Artistic direction, editing and art publishing 

 In his role as Artistic Director of Granta Publications (2010–13), Salu was responsible for the creative concepts behind Granta magazine, Granta Books and Portobello Books, commissioning and creating work for print, covers and digital. During this period, he was also the art editor for Granta magazine, publishing new and established artists’ and photographers' work.
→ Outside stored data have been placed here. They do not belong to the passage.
lemma in_FG_zero_sum_xhat_comb_eq:
  "{\<alpha>. in_FG m t \<alpha> \<and> (\<exists>a0 a1 a2. a0 + a1 + a2 = 0 \<and> \<alpha> = xhat_comb m a0 a1 a2)}
    = {xhat_comb m a ap am | am a ap. am + (a :: 'a::field) + ap = 0}"
proof (intro Set.set_eqI iffI)
  fix \<alpha> :: "nat \<times> nat \<Rightarrow> 'a"
  assume "\<alpha> \<in> {\<alpha>. in_FG m t \<alpha> \<and> (\<exists>a0 a1 a2. a0 + a1 + a2 = 0 \<and> \<alpha> = xhat_comb m a0 a1 a2)}"
  then obtain a0 a1 a2 where "a0 + a1 + a2 = 0" and "\<alpha> = xhat_comb m a0 a1 a2"
    by blast
  moreover have "a2 + a0 + a1 = 0"
    using \<open>a0 + a1 + a2 = 0\<close> by (simp add: add_ac)
  ultimately show "\<alpha> \<in> {xhat_comb m a ap am | am a ap. am + a + ap = 0}"
    by blast
next
  fix \<alpha> :: "nat \<times> nat \<Rightarrow> 'a"
  assume "\<alpha> \<in> {xhat_comb m a ap am | am a ap. am + a + ap = 0}"
  then obtain am a ap where "am + a + ap = 0" and "\<alpha> = xhat_comb m a ap am"
    by blast
  moreover have "a + ap + am = 0"
    using \<open>am + a + ap = 0\<close> by (simp add: add_ac)
  ultimately show "\<alpha> \<in> {\<alpha>. in_FG m t \<alpha> \<and> (\<exists>a0 a1 a2. a0 + a1 + a2 = 0 \<and> \<alpha> = xhat_comb m a0 a1 a2)}"
    using in_FG_xhat_comb by blast
qed

lemma xhat_comb_apply:
  "i < m \<Longrightarrow> xhat_comb m a0 a1 a2 (i, j) = (if j = 0 then a0 else if j = 1 then a1 else if j = 2 then a2 else 0)"
  by (simp add: xhat_comb_def)

lemma annihilator_condition_iff_xhat_comb:
  fixes \<alpha> :: "nat \<times> nat \<Rightarrow> 'a::field"
  assumes m: "of_nat m = (1::'a)" and \<alpha>: "in_FG m t \<alpha>"
  shows "(\<forall>g\<in>carrier (Tgrp m t). \<alpha> g + (\<Sum>h\<in>carrier (Tgrp m t). \<alpha> h) - (\<Sum>i<m. \<alpha> (i, snd g)) = 0)
    \<longleftrightarrow> (\<exists>a0 a1 a2. a0 + a1 + a2 = 0 \<and> \<alpha> = xhat_comb m a0 a1 a2)"
    (is "(\<forall>g\<in>_. \<alpha> g + ?T - ?R (snd g) = 0) \<longleftrightarrow> _")
proof
  assume H: "\<forall>g\<in>carrier (Tgrp m t). \<alpha> g + ?T - ?R (snd g) = 0"
  define c where "c j = ?R j - ?T" for j
  have row: "\<alpha> (i, j) = c j" if "i < m" and "j < 3" for i j
    using H that by (auto simp: carrier_Tgrp c_def algebra_simps)
  have R: "?R j = c j" if "j < 3" for j
    using m row that by simp
  then have "?T = 0"
    using R [of 0] by (simp add: c_def)
  moreover have "?T = c 0 + c 1 + c 2"
    by (simp add: sum_carrier_Tgrp R)
  moreover have "\<alpha> = xhat_comb m (c 0) (c 1) (c 2)"
  proof (intro ext, clarify)
    fix i j
    show "\<alpha> (i, j) = xhat_comb m (c 0) (c 1) (c 2) (i, j)"
    proof (cases "i < m \<and> j < 3")
      case True
      then have "j = 0 \<or> j = 1 \<or> j = 2"
        by auto
      with True show ?thesis
        by (auto simp: row xhat_comb_def)
    next
      case False
      then show ?thesis
        using \<alpha> by (auto simp: in_FG_def carrier_Tgrp xhat_comb_def)
    qed
  qed
  ultimately show "\<exists>a0 a1 a2. a0 + a1 + a2 = 0 \<and> \<alpha> = xhat_comb m a0 a1 a2"
    by auto
next
  assume "\<exists>a0 a1 a2. a0 + a1 + a2 = 0 \<and> \<alpha> = xhat_comb m a0 a1 a2"
  then obtain a0 a1 a2 where sum: "a0 + a1 + a2 = 0" and \<alpha>: "\<alpha> = xhat_comb m a0 a1 a2"
    by blast
  have "?T = 0"
    using sum m by (simp add: sum_carrier_Tgrp \<alpha> xhat_comb_apply)
  show "\<forall>g\<in>carrier (Tgrp m t). \<alpha> g + ?T - ?R (snd g) = 0"
  proof
    fix g assume "g \<in> carrier (Tgrp m t)"
    then obtain i j where g: "g = (i, j)" "i < m" "j < 3"
      by (auto simp: carrier_Tgrp)
    then show "\<alpha> g + ?T - ?R (snd g) = 0"
      using \<open>?T = 0\<close> m by (auto simp: \<alpha> xhat_comb_apply)
  qed
qed

locale T3m =
  fixes m :: nat and t :: int
  assumes m_pos: "m > 0"
    and t_cube: "[t ^ 3 = 1] (mod int m)"
    and coprime_t_minus_1: "coprime (int m) (t - 1)"
    and not_3_dvd_m: "\<not> 3 dvd m"
begin

sublocale G: group "Tgrp m t"
  by (rule group_Tgrp[OF m_pos t_cube])

lemma cube_eq_one:
  assumes "g \<in> carrier (Tgrp m t)" and "snd g \<noteq> 0"
  shows "g [^]\<^bsub>Tgrp m t\<^esub> (3::nat) = \<one>\<^bsub>Tgrp m t\<^esub>"
proof -
  obtain i j where g: "g = (i, j)" and "j < 3"
    using assms(1) by (auto simp: carrier_Tgrp)
  with assms(2) have j: "j = 1 \<or> j = 2"
    by auto
  have "[t ^ 4 = t] (mod int m)"
    using cong_power_mod_3[OF t_cube, of 4] by simp
  then have "[int i + int i * t ^ 2 + int i * t ^ 4 = int i + int i * t ^ 2 + int i * t] (mod int m)"
    by (intro cong_add cong_mult cong_refl)
  also have "int i + int i * t ^ 2 + int i * t = int i * (t ^ 2 + t + 1)"
    by (simp add: algebra_simps)
  also have "[\<dots> = 0] (mod int m)"
    using cong_cube_root_of_unity_sum[OF t_cube coprime_t_minus_1] cong_scalar_left by fastforce
  finally have "(int i + int i * t ^ 2 + int i * t ^ 4) mod int m = 0"
    by (simp add: cong_def)
  moreover from this have "(int i + int i * t ^ 4 + int i * t ^ 2) mod int m = 0"
    by (simp add: add_ac)
  moreover have "g [^]\<^bsub>Tgrp m t\<^esub> (3::nat) = g \<otimes>\<^bsub>Tgrp m t\<^esub> g \<otimes>\<^bsub>Tgrp m t\<^esub> g"
    using assms(1) by (simp add: numeral_3_eq_3)
  ultimately show ?thesis
    using j m_pos by (auto simp: g mult_Tgrp one_Tgrp mod_add_left_eq)
qed

lemma ord_eq_power_of_3_iff:
  assumes g: "g \<in> carrier (Tgrp m t)"
  shows "(\<exists>e. G.ord g = 3 ^ e) \<longleftrightarrow> g = \<one>\<^bsub>Tgrp m t\<^esub> \<or> snd g \<noteq> 0"
proof (cases "snd g = 0")
  case True
  then obtain i where i: "g = (i, 0)" "i < m"
    using g by (cases g) (auto simp: carrier_Tgrp)
  have "G.ord g dvd m"
    using g by (simp add: G.pow_eq_id [symmetric] i pow_Tgrp_x one_Tgrp)
  then have "G.ord g = 3 ^ e \<Longrightarrow> e = 0" for e
    using not_3_dvd_m by (metis dvd_power dvd_trans not_gr0)
  then show ?thesis
    using True g G.ord_eq_1 by (metis power_0)
next
  case False
  then have "G.ord g dvd 3 ^ 1"
    using g cube_eq_one by (simp add: G.pow_eq_id [symmetric])
  moreover have "prime (3::nat)"
    by simp
  ultimately show ?thesis
    using False divides_primepow_nat by blast
qed

lemma s3_eq:
  "s3 m t = (\<lambda>g. if g \<in> carrier (Tgrp m t) \<and> (g = \<one>\<^bsub>Tgrp m t\<^esub> \<or> snd g \<noteq> 0) then 1 else 0)"
  by (intro ext) (simp add: s3_def ord_eq_power_of_3_iff cong: conj_cong)

lemma snd_inv_Tgrp:
  assumes "h \<in> carrier (Tgrp m t)"
  shows "(snd (inv\<^bsub>Tgrp m t\<^esub> h) + snd h) mod 3 = 0"
  using snd_mult_Tgrp [where g = "inv\<^bsub>Tgrp m t\<^esub> h" and h = h and m = m and t = t] assms
  by (simp add: one_Tgrp)

lemma snd_inv_mult_eq_0_iff:
  assumes g: "g \<in> carrier (Tgrp m t)" and h: "h \<in> carrier (Tgrp m t)"
  shows "snd (inv\<^bsub>Tgrp m t\<^esub> h \<otimes>\<^bsub>Tgrp m t\<^esub> g) = 0 \<longleftrightarrow> snd h = snd g"
  using snd_inv_Tgrp [OF h] G.inv_closed [OF h] g h
  by (auto simp: snd_mult_Tgrp carrier_Tgrp) presburger+

lemma snd_mult_inv_eq_0_iff:
  assumes g: "g \<in> carrier (Tgrp m t)" and h: "h \<in> carrier (Tgrp m t)"
  shows "snd (g \<otimes>\<^bsub>Tgrp m t\<^esub> inv\<^bsub>Tgrp m t\<^esub> h) = 0 \<longleftrightarrow> snd h = snd g"
  using snd_inv_Tgrp [OF h] G.inv_closed [OF h] g h
  by (auto simp: snd_mult_Tgrp carrier_Tgrp) presburger+

lemma s3_inv_mult:
  assumes g: "g \<in> carrier (Tgrp m t)" and h: "h \<in> carrier (Tgrp m t)"
  shows "s3 m t (inv\<^bsub>Tgrp m t\<^esub> h \<otimes>\<^bsub>Tgrp m t\<^esub> g) = (if h = g \<or> snd h \<noteq> snd g then 1 else 0)"
proof -
  have "inv\<^bsub>Tgrp m t\<^esub> h \<otimes>\<^bsub>Tgrp m t\<^esub> g = \<one>\<^bsub>Tgrp m t\<^esub> \<longleftrightarrow> h = g"
    using G.inv_solve_left [of "\<one>\<^bsub>Tgrp m t\<^esub>" h g] g h by auto
  then show ?thesis
    using g h snd_inv_mult_eq_0_iff [OF g h] by (auto simp: s3_eq)
qed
Highlights of his works include curating a showcase of art to respond to the question "What is British Identity?" for Granta 119 and a photographic collaboration with Nadav Kander for Granta’s Best of Young British Novelists 4, which also appeared in The New York Times.

At Granta magazine, Salu was also responsible for art editing and commissioning on projects including Contacts and the Pakistan issue.

Prior to Granta, Salu worked for Random House, where he designed and art directed covers for authors such as Kurt Vonnegut and Fyodor Dostoevsky, as well as for more contemporary fiction including Xiaolu Guo and Chuck Palahniuk.

Brand strategy

Salu was involved with shaping a new brand identity for Soda Pictures, launched in 2014, and was creative director for the Art Dubai Abraaj Art Prize 2014.

Other work 

Salu has done mentoring with The Photographers' Gallery, has lectured at various educational institutions such as The Royal College of Art, as well as being involved in a wide range of creative projects, including with Curzon Cinemas and musician Ticky.

 Salu has written fiction and essays for publications such as Varoom, Eye Magazine, Under The Influence magazine, Freeman's Journal, Catapult and Entropy. He also contributes original art to Grey Magazine.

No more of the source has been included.